*** Stored data Section Begins ***
text \<open>With M = (\<sigma> + \<delta>)^-1 the matrix Q = 1 - \<delta> M = \<sigma> (\<sigma> + \<delta>)^-1 is a smoothed support projection
  of \<sigma>. Each claim below is an exact identity of polynomials in the commuting matrices \<sigma> and M,
  whose right-hand side is visibly psd.\<close>

lemma regularized_ratio_psd:
  fixes \<delta> :: real
  assumes p: "psd_mat m \<sigma>" and d: "0 < \<delta>"
    and cM: "M \<in> carrier_mat m m" and hM: "adjoint M = M"
    and h1: "M * \<sigma> = 1\<^sub>m m - complex_of_real \<delta> \<cdot>\<^sub>m M" and h2: "\<sigma> * M = 1\<^sub>m m - complex_of_real \<delta> \<cdot>\<^sub>m M"
  defines "Q \<equiv> 1\<^sub>m m - complex_of_real \<delta> \<cdot>\<^sub>m M"
  shows "psd_mat m (\<sigma> - complex_of_real \<delta> \<cdot>\<^sub>m (Q * Q))"
    and "psd_mat m (1\<^sub>m m - Q * Q)"
    and "psd_mat m (complex_of_real (\<delta> / 4) \<cdot>\<^sub>m 1\<^sub>m m - (1\<^sub>m m - Q) * \<sigma> * (1\<^sub>m m - Q))"
proof -
  define dc where "dc = complex_of_real \<delta>"
  have c\<sigma>: "\<sigma> \<in> carrier_mat m m" using p by (rule psd_mat_carrier)
  note N = assoc_mult_mat[of _ m m _ m _ m]
    add_mult_distrib_mat[where nr=m and n=m and nc=m] mult_add_distrib_mat[where nr=m and n=m and nc=m]
    minus_mult_distrib_mat[where nr=m and n=m and nc=m] mult_minus_distrib_mat[where nr=m and n=m and nc=m]
    mult_smult_distrib[where nr=m and n=m and nc=m] mult_smult_assoc_mat[where nr=m and n=m and nc=m]
  have h1': "M * (\<sigma> * X) = X - dc \<cdot>\<^sub>m (M * X)" if "X \<in> carrier_mat m m" for X
    using that c\<sigma> cM h1 by (simp add: N assoc_mult_mat[OF cM c\<sigma> that, symmetric] dc_def)
  have h2': "\<sigma> * (M * X) = X - dc \<cdot>\<^sub>m (M * X)" if "X \<in> carrier_mat m m" for X
    using that c\<sigma> cM h2 by (simp add: N assoc_mult_mat[OF c\<sigma> cM that, symmetric] dc_def)
  have h1: "M * \<sigma> = 1\<^sub>m m - dc \<cdot>\<^sub>m M" and h2: "\<sigma> * M = 1\<^sub>m m - dc \<cdot>\<^sub>m M"
    using h1 h2 by (simp_all add: dc_def)
  have cdc: "cnj dc = dc" by (simp add: dc_def)
  have cQ: "Q \<in> carrier_mat m m" unfolding Q_def using cM by (simp add: minus_carrier_mat)
  have hQ: "adjoint Q = Q" unfolding Q_def using adjoint_minus[OF one_carrier_mat, of "dc \<cdot>\<^sub>m M"] cM
    by (simp add: adjoint_smult cdc hM dc_def)
  have "\<sigma> - dc \<cdot>\<^sub>m (Q * Q) = Q * \<sigma> * Q + dc \<cdot>\<^sub>m (Q * 1\<^sub>m m * Q) + (dc * dc) \<cdot>\<^sub>m (M * \<sigma> * M)"
    unfolding Q_def dc_def[symmetric] using cM c\<sigma> h1 h2 h1' h2'
    apply (simp add: N minus_carrier_mat)
    apply (rule eq_matI)
     apply (simp_all del: index_mult_mat(1) add: algebra_simps)
    done
  moreover have "psd_mat m (Q * \<sigma> * adjoint Q + complex_of_real \<delta> \<cdot>\<^sub>m (Q * 1\<^sub>m m * adjoint Q) +
      complex_of_real (\<delta> * \<delta>) \<cdot>\<^sub>m (M * \<sigma> * adjoint M))"
    using d by (intro psd_mat_add psd_mat_smult psd_mat_congruence p psd_mat_one cQ cM) auto
  ultimately show "psd_mat m (\<sigma> - complex_of_real \<delta> \<cdot>\<^sub>m (Q * Q))"
    using hQ hM by (simp add: dc_def)
  have "1\<^sub>m m - Q * Q = (2 * dc) \<cdot>\<^sub>m (M * \<sigma> * M) + (dc * dc) \<cdot>\<^sub>m (M * 1\<^sub>m m * M)"
    unfolding Q_def dc_def[symmetric] using cM c\<sigma> h1 h2 h1' h2'
    apply (simp add: N minus_carrier_mat)
    apply (rule eq_matI)
     apply (simp_all del: index_mult_mat(1) add: algebra_simps)
    done
  moreover have "psd_mat m (complex_of_real (2 * \<delta>) \<cdot>\<^sub>m (M * \<sigma> * adjoint M) +
      complex_of_real (\<delta> * \<delta>) \<cdot>\<^sub>m (M * 1\<^sub>m m * adjoint M))"
    using d by (intro psd_mat_add psd_mat_smult psd_mat_congruence p psd_mat_one cM) auto
  ultimately show "psd_mat m (1\<^sub>m m - Q * Q)" using hM by (simp add: dc_def)
  define W where "W = 1\<^sub>m m - (2 * dc) \<cdot>\<^sub>m M"
  have cW: "W \<in> carrier_mat m m" unfolding W_def using cM by (simp add: minus_carrier_mat)
  have hW: "adjoint W = W" unfolding W_def using adjoint_minus[OF one_carrier_mat, of "(2 * dc) \<cdot>\<^sub>m M"] cM
    by (simp add: adjoint_smult cdc hM)
  have "complex_of_real (\<delta> / 4) \<cdot>\<^sub>m 1\<^sub>m m - (1\<^sub>m m - Q) * \<sigma> * (1\<^sub>m m - Q) =
      complex_of_real (\<delta> / 4) \<cdot>\<^sub>m (W * 1\<^sub>m m * W)"
    unfolding Q_def W_def dc_def[symmetric] using cM c\<sigma> h1 h2 h1' h2'
    apply (simp add: N minus_carrier_mat)
    apply (rule eq_matI)
     apply (simp_all del: index_mult_mat(1) add: algebra_simps dc_def)
    done
  moreover have "psd_mat m (complex_of_real (\<delta> / 4) \<cdot>\<^sub>m (W * 1\<^sub>m m * adjoint W))"
    using d by (intro psd_mat_smult psd_mat_congruence psd_mat_one cW) auto
  ultimately show "psd_mat m (complex_of_real (\<delta> / 4) \<cdot>\<^sub>m 1\<^sub>m m - (1\<^sub>m m - Q) * \<sigma> * (1\<^sub>m m - Q))"
    using hW by simp
qed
*** Stored data Section Ends ***
#### What is being asked
Give the listing again, word for word.

#### Exercise response
text \<open>With M = (\<sigma> + \<delta>)^-1 the matrix Q = 1 - \<delta> M = \<sigma> (\<sigma> + \<delta>)^-1 is a smoothed support projection
  of \<sigma>. Each claim below is an exact identity of polynomials in the commuting matrices \<sigma> and M,
  whose right-hand side is visibly psd.\<close>

lemma regularized_ratio_psd:
  fixes \<delta> :: real
  assumes p: "psd_mat m \<sigma>" and d: "0 < \<delta>"
    and cM: "M \<in> carrier_mat m m" and hM: "adjoint M = M"
    and h1: "M * \<sigma> = 1\<^sub>m m - complex_of_real \<delta> \<cdot>\<^sub>m M" and h2: "\<sigma> * M = 1\<^sub>m m - complex_of_real \<delta> \<cdot>\<^sub>m M"
  defines "Q \<equiv> 1\<^sub>m m - complex_of_real \<delta> \<cdot>\<^sub>m M"
  shows "psd_mat m (\<sigma> - complex_of_real \<delta> \<cdot>\<^sub>m (Q * Q))"
    and "psd_mat m (1\<^sub>m m - Q * Q)"
    and "psd_mat m (complex_of_real (\<delta> / 4) \<cdot>\<^sub>m 1\<^sub>m m - (1\<^sub>m m - Q) * \<sigma> * (1\<^sub>m m - Q))"
proof -
  define dc where "dc = complex_of_real \<delta>"
  have c\<sigma>: "\<sigma> \<in> carrier_mat m m" using p by (rule psd_mat_carrier)
  note N = assoc_mult_mat[of _ m m _ m _ m]
    add_mult_distrib_mat[where nr=m and n=m and nc=m] mult_add_distrib_mat[where nr=m and n=m and nc=m]
    minus_mult_distrib_mat[where nr=m and n=m and nc=m] mult_minus_distrib_mat[where nr=m and n=m and nc=m]
    mult_smult_distrib[where nr=m and n=m and nc=m] mult_smult_assoc_mat[where nr=m and n=m and nc=m]
  have h1': "M * (\<sigma> * X) = X - dc \<cdot>\<^sub>m (M * X)" if "X \<in> carrier_mat m m" for X
    using that c\<sigma> cM h1 by (simp add: N assoc_mult_mat[OF cM c\<sigma> that, symmetric] dc_def)
  have h2': "\<sigma> * (M * X) = X - dc \<cdot>\<^sub>m (M * X)" if "X \<in> carrier_mat m m" for X
    using that c\<sigma> cM h2 by (simp add: N assoc_mult_mat[OF c\<sigma> cM that, symmetric] dc_def)
  have h1: "M * \<sigma> = 1\<^sub>m m - dc \<cdot>\<^sub>m M" and h2: "\<sigma> * M = 1\<^sub>m m - dc \<cdot>\<^sub>m M"
    using h1 h2 by (simp_all add: dc_def)
  have cdc: "cnj dc = dc" by (simp add: dc_def)
  have cQ: "Q \<in> carrier_mat m m" unfolding Q_def using cM by (simp add: minus_carrier_mat)
  have hQ: "adjoint Q = Q" unfolding Q_def using adjoint_minus[OF one_carrier_mat, of "dc \<cdot>\<^sub>m M"] cM
    by (simp add: adjoint_smult cdc hM dc_def)
  have "\<sigma> - dc \<cdot>\<^sub>m (Q * Q) = Q * \<sigma> * Q + dc \<cdot>\<^sub>m (Q * 1\<^sub>m m * Q) + (dc * dc) \<cdot>\<^sub>m (M * \<sigma> * M)"
    unfolding Q_def dc_def[symmetric] using cM c\<sigma> h1 h2 h1' h2'
    apply (simp add: N minus_carrier_mat)
    apply (rule eq_matI)
     apply (simp_all del: index_mult_mat(1) add: algebra_simps)
    done
  moreover have "psd_mat m (Q * \<sigma> * adjoint Q + complex_of_real \<delta> \<cdot>\<^sub>m (Q * 1\<^sub>m m * adjoint Q) +
      complex_of_real (\<delta> * \<delta>) \<cdot>\<^sub>m (M * \<sigma> * adjoint M))"
    using d by (intro psd_mat_add psd_mat_smult psd_mat_congruence p psd_mat_one cQ cM) auto
  ultimately show "psd_mat m (\<sigma> - complex_of_real \<delta> \<cdot>\<^sub>m (Q * Q))"
    using hQ hM by (simp add: dc_def)
  have "1\<^sub>m m - Q * Q = (2 * dc) \<cdot>\<^sub>m (M * \<sigma> * M) + (dc * dc) \<cdot>\<^sub>m (M * 1\<^sub>m m * M)"
    unfolding Q_def dc_def[symmetric] using cM c\<sigma> h1 h2 h1' h2'
    apply (simp add: N minus_carrier_mat)
    apply (rule eq_matI)
     apply (simp_all del: index_mult_mat(1) add: algebra_simps)
    done
  moreover have "psd_mat m (complex_of_real (2 * \<delta>) \<cdot>\<^sub>m (M * \<sigma> * adjoint M) +
      complex_of_real (\<delta> * \<delta>) \<cdot>\<^sub>m (M * 1\<^sub>m m * adjoint M))"
    using d by (intro psd_mat_add psd_mat_smult psd_mat_congruence p psd_mat_one cM) auto
  ultimately show "psd_mat m (1\<^sub>m m - Q * Q)" using hM by (simp add: dc_def)
  define W where "W = 1\<^sub>m m - (2 * dc) \<cdot>\<^sub>m M"
  have cW: "W \<in> carrier_mat m m" unfolding W_def using cM by (simp add: minus_carrier_mat)
  have hW: "adjoint W = W" unfolding W_def using adjoint_minus[OF one_carrier_mat, of "(2 * dc) \<cdot>\<^sub>m M"] cM
    by (simp add: adjoint_smult cdc hM)
  have "complex_of_real (\<delta> / 4) \<cdot>\<^sub>m 1\<^sub>m m - (1\<^sub>m m - Q) * \<sigma> * (1\<^sub>m m - Q) =
      complex_of_real (\<delta> / 4) \<cdot>\<^sub>m (W * 1\<^sub>m m * W)"
    unfolding Q_def W_def dc_def[symmetric] using cM c\<sigma> h1 h2 h1' h2'
    apply (simp add: N minus_carrier_mat)
    apply (rule eq_matI)
     apply (simp_all del: index_mult_mat(1) add: algebra_simps dc_def)
    done
  moreover have "psd_mat m (complex_of_real (\<delta> / 4) \<cdot>\<^sub>m (W * 1\<^sub>m m * adjoint W))"
    using d by (intro psd_mat_smult psd_mat_congruence psd_mat_one cW) auto
  ultimately show "psd_mat m (complex_of_real (\<delta> / 4) \<cdot>\<^sub>m 1\<^sub>m m - (1\<^sub>m m - Q) * \<sigma> * (1\<^sub>m m - Q))"
    using hW by simp
qed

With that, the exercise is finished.